I'm working on a personal project using deep image search, and I was planning on adding he functionality to add new data to the approximate nearest neighbor index. I tried a few other things, but the approach I got closest with is by passing a dataframe, and appending the vectorized images to that dataframe in every iteration. I changed the code a little bit in the library
class Index:
def __init__(self,image_list:list, dataframe:pd.DataFrame()):
self.image_list = image_list
self.dataframe=dataframe
if 'meta-data-files' not in os.listdir():
os.makedirs("meta-data-files")
self.FE = FeatureExtractor()
def start_feature_extraction(self, dataframe:pd.DataFrame()):
image_data = pd.DataFrame()
image_data['images_paths'] = self.image_list
f_data = self.FE.get_feature(self.image_list)
image_data['features'] = f_data
image_data = image_data.dropna().reset_index(drop=True)
dataframe.append(image_data)
dataframe.to_pickle(config.image_data_with_features_pkl)
print("Image Meta Information Saved: [meta-data-files/image_data_features.pkl]")
return dataframe
def start_indexing(self,dataframe):
self.dataframe = dataframe
f = len(dataframe['features'][0]) # Length of item vector that will be indexed
t = AnnoyIndex(f, 'euclidean')
for i,v in tqdm(zip(self.dataframe.index,dataframe['features'])):
t.add_item(i, v)
t.build(100) # 100 trees
print("Saved the Indexed File:"+"[meta-data-files/image_features_vectors.ann]")

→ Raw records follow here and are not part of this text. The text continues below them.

lemma abs_J_succ_le_half_pow:
  assumes "0 \<le> L" "L \<le> 1/2"
  shows "\<bar>J L (n + 1)\<bar> \<le> 6 * half_pow n"
  using abs_J_le_half_pow[OF assms, of "n + 1"] half_pow_succ_le[of n] by linarith

lemma L_abs_J_succ_le:
  assumes "0 \<le> L" "L \<le> 1"
  shows "L * \<bar>J L (n + 1)\<bar> \<le> 3 * L ^ nat \<bar>n\<bar>"
proof -
  have "L * \<bar>J L (n + 1)\<bar> \<le> L * (3 * L ^ nat \<bar>n + 1\<bar>)"
    using abs_J_le[OF assms] assms by (intro mult_left_mono) auto
  also have "\<dots> = 3 * L ^ (nat \<bar>n + 1\<bar> + 1)"
    by (simp add: algebra_simps)
  also have "\<dots> \<le> 3 * L ^ nat \<bar>n\<bar>"
    using assms by (intro mult_left_mono power_decreasing) auto
  finally show ?thesis .
qed

section \<open>Polynomial expansions at L = 0\<close>

lemma bigo_power_at_right_0I:
  fixes f :: "real \<Rightarrow> real"
  assumes "\<forall>\<^sub>F L in at_right 0. \<bar>f L\<bar> \<le> C * L ^ n"
  shows "f \<in> O[at_right 0](\<lambda>L. L ^ n)"
proof (rule bigoI[of _ C])
  show "\<forall>\<^sub>F L in at_right 0. norm (f L) \<le> C * norm (L ^ n)"
    using eventually_conj[OF assms eventually_at_right_less[of "0::real"]]
    by (rule eventually_mono) simp
qed

lemma bigo_power_at_right_0E:
  fixes f :: "real \<Rightarrow> real"
  assumes "f \<in> O[at_right 0](\<lambda>L. L ^ n)"
  obtains C \<delta> where "0 < \<delta>" "\<And>L. 0 < L \<Longrightarrow> L < \<delta> \<Longrightarrow> \<bar>f L\<bar> \<le> C * L ^ n"
proof -
  obtain C where "\<forall>\<^sub>F L in at_right 0. norm (f L) \<le> C * norm (L ^ n)"
    using assms by (elim landau_o.bigE)
  then obtain \<delta> where "0 < \<delta>" "\<And>L. 0 < L \<Longrightarrow> L < \<delta> \<Longrightarrow> norm (f L) \<le> C * norm (L ^ n)"
    unfolding eventually_at_right_field by auto
  then show ?thesis
    using that[of \<delta> C] by simp
qed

t.save(config.image_features_vectors_ann)
def Start(self, dataframe):
self.dataframe=dataframe
if len(os.listdir("meta-data-files/"))==0:
data = self.start_feature_extraction(dataframe)
self.start_indexing(data)
else:
print("Metadata and Features are allready present, Do you want Extract Again? Enter yes or no")
flag = str(input())
if flag.lower() == 'yes':
data = self.start_feature_extraction(dataframe)
self.start_indexing(data)
else:
print("Meta data allready Present, Please Apply Search!")
print(os.listdir("meta-data-files/"))
As you can see, I changed it to accept a dataframe as an argument, and then in start_feature_extraction
, elements of the passed list are embedded, and appended to the dataframe. By doing this, I imagined that I could use the start()

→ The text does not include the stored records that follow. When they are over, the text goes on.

(* $(U_0,\alpha_N)$ is a corecursive algebra for $N\otimes-$ on $\mathsf{SquaMS}$, and $(U_0,\alpha_N^{-1})$ is a final coalgebra for this same functor.
   Context: Let $M_0=\{(r,s)\in[0,1]^2: r\in\{0,1\}\text{ or } s\in\{0,1\}\}$. A square metric space is a pair $(X,S_X)$ with $X$ a metric space with all distances at most $2$ and $S_X\colon M_0\to X$ injective such that (sq1) for $i\in\{0,1\}$, $r,s\in[0,1]$: $d_X(S_X(i,r),S_X(i,s))=|s-r|$ and $d_X(S_X(r,i),S_X(s,i))=|s-r|$; (sq2) $d_X(S_X(r,s),S_X(t,u))\ge|r-t|+|s-u|$. $\mathsf{SquaMS}$: these objects, with short maps $f$ satisfying $f\circ S_X=S_Y$ as morphisms. Let $N=\{0,1,2\}^2$, also viewed as points of $\mathbb{R}^2$. For $X$ in $\mathsf{SquaMS}$, $N\otimes X=(N\times X)/\!\sim$, where $\sim$ is generated by $(m,S_X(p))\sim(n,S_X(q))$ whenever $m,n\in N$ differ by exactly $1$ in exactly one coordinate and $(m+p)/3=(n+q)/3$; $n\otimes x$ is the class of $(n,x)$. With $d((a,u),(b,v))=\frac13 d_X(u,v)$ if $a=b$ and $2$ otherwise, $N\otimes X$ gets the quotient metric (infimum over finite chains of sums of consecutive distances, $\sim$-related consecutive pairs counting $0$). $S_{N\otimes X}(p)=n\otimes S_X(3p-n)$ for any $n\in N$ with $p\in(n+[0,1]^2)/3$; $(N\otimes f)(n\otimes x)=n\otimes f(x)$. $U_0=[0,1]^2$ with the taxicab metric $d((x,y),(x',y'))=|x-x'|+|y-y'|$ and $S_{U_0}$ the inclusion of $M_0$. $\alpha_N\colon N\otimes U_0\to U_0$, $\alpha_N(n\otimes z)=\frac13(n+z)$ (an isomorphism). An algebra $(A,a\colon FA\to A)$ is corecursive if for every coalgebra $e\colon X\to FX$ there is a unique morphism $e^\dagger\colon X\to A$ with $e^\dagger=a\circ Fe^\dagger\circ e$. A final coalgebra admits a unique coalgebra morphism from every coalgebra. *)

theory Defs
  imports Complex_Main
begin

definition M0 :: "(real \<times> real) set" where
  "M0 = {(r,s). 0 \<le> r \<and> r \<le> 1 \<and> 0 \<le> s \<and> s \<le> 1 \<and> (r \<in> {0,1} \<or> s \<in> {0,1})}"

definition metric_on :: "'a set \<Rightarrow> ('a \<Rightarrow> 'a \<Rightarrow> real) \<Rightarrow> bool" where
  "metric_on X d \<longleftrightarrow>
     (\<forall>x\<in>X. \<forall>y\<in>X. 0 \<le> d x y \<and> (d x y = 0 \<longleftrightarrow> x = y) \<and> d x y = d y x) \<and>
     (\<forall>x\<in>X. \<forall>y\<in>X. \<forall>z\<in>X. d x z \<le> d x y + d y z)"

definition square_ms :: "'a set \<Rightarrow> ('a \<Rightarrow> 'a \<Rightarrow> real) \<Rightarrow> (real \<times> real \<Rightarrow> 'a) \<Rightarrow> bool" where
  "square_ms X d S \<longleftrightarrow>
     metric_on X d \<and> (\<forall>x\<in>X. \<forall>y\<in>X. d x y \<le> 2) \<and>
     S ` M0 \<subseteq> X \<and> inj_on S M0 \<and>
     (\<forall>i\<in>{0,1}. \<forall>r\<in>{0..1}. \<forall>s\<in>{0..1}.
        d (S (i,r)) (S (i,s)) = \<bar>s - r\<bar> \<and> d (S (r,i)) (S (s,i)) = \<bar>s - r\<bar>) \<and>
     (\<forall>p\<in>M0. \<forall>q\<in>M0. d (S p) (S q) \<ge> \<bar>fst p - fst q\<bar> + \<bar>snd p - snd q\<bar>)"

definition sq_morphism ::
  "'a set \<Rightarrow> ('a \<Rightarrow> 'a \<Rightarrow> real) \<Rightarrow> (real \<times> real \<Rightarrow> 'a) \<Rightarrow>
   'b set \<Rightarrow> ('b \<Rightarrow> 'b \<Rightarrow> real) \<Rightarrow> (real \<times> real \<Rightarrow> 'b) \<Rightarrow> ('a \<Rightarrow> 'b) \<Rightarrow> bool" where
  "sq_morphism X dX SX Y dY SY f \<longleftrightarrow>
     f ` X \<subseteq> Y \<and> (\<forall>x\<in>X. \<forall>y\<in>X. dY (f x) (f y) \<le> dX x y) \<and> (\<forall>p\<in>M0. f (SX p) = SY p)"

definition Nidx :: "(nat \<times> nat) set" where
  "Nidx = {0,1,2} \<times> {0,1,2}"

definition adjacent :: "nat \<times> nat \<Rightarrow> nat \<times> nat \<Rightarrow> bool" where
  "adjacent m n \<longleftrightarrow>
     (fst m = fst n \<and> (snd m = snd n + 1 \<or> snd n = snd m + 1)) \<or>
     (snd m = snd n \<and> (fst m = fst n + 1 \<or> fst n = fst m + 1))"

definition gen_rel :: "'a set \<Rightarrow> (real \<times> real \<Rightarrow> 'a) \<Rightarrow> (((nat \<times> nat) \<times> 'a) \<times> ((nat \<times> nat) \<times> 'a)) set" where
  "gen_rel X S = {((m,u),(n,v)). m \<in> Nidx \<and> n \<in> Nidx \<and> u \<in> X \<and> v \<in> X \<and> adjacent m n \<and>
      (\<exists>p\<in>M0. \<exists>q\<in>M0. u = S p \<and> v = S q \<and>
         (real (fst m) + fst p) / 3 = (real (fst n) + fst q) / 3 \<and>
         (real (snd m) + snd p) / 3 = (real (snd n) + snd q) / 3)}"

definition tensor_rel :: "'a set \<Rightarrow> (real \<times> real \<Rightarrow> 'a) \<Rightarrow> (((nat \<times> nat) \<times> 'a) \<times> ((nat \<times> nat) \<times> 'a)) set" where
  "tensor_rel X S = Id_on (Nidx \<times> X) \<union> (gen_rel X S \<union> (gen_rel X S)\<inverse>)\<^sup>+"

definition tensor_carrier :: "'a set \<Rightarrow> (real \<times> real \<Rightarrow> 'a) \<Rightarrow> ((nat \<times> nat) \<times> 'a) set set" where
  "tensor_carrier X S = (Nidx \<times> X) // tensor_rel X S"

definition tensor_class :: "'a set \<Rightarrow> (real \<times> real \<Rightarrow> 'a) \<Rightarrow> (nat \<times> nat) \<times> 'a \<Rightarrow> ((nat \<times> nat) \<times> 'a) set" where
  "tensor_class X S z = tensor_rel X S `` {z}"

definition base_dist :: "('a \<Rightarrow> 'a \<Rightarrow> real) \<Rightarrow> (nat \<times> nat) \<times> 'a \<Rightarrow> (nat \<times> nat) \<times> 'a \<Rightarrow> real" where
  "base_dist d a b = (if fst a = fst b then d (snd a) (snd b) / 3 else 2)"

method over and over again with new lists, extending the dataframe, and adding new vectors.
to use this new functionality, this is the code:
from DeepImageSearch import Index, LoadData, SearchImage
import pandas as pd
folders=LoadData().from_folder([List of images])
imgfolders=[]
for i in folders:
imgfolderstemp=LoadData().from_folder([i])
imgfolders.extend(imgfolderstemp)
imglist=[]
for i in imgfolders:
imglisttemp=LoadData().from_folder([i])
imglist.extend(imglisttemp)
dataframe=pd.DataFrame
Index(imglist, dataframe).Start(dataframe)
SearchImage().plot_similar_images(image_path=imglist[1])
imglistnew=LoadData().from_folder([new list])
Index(imglistnew, dataframe).Start(dataframe)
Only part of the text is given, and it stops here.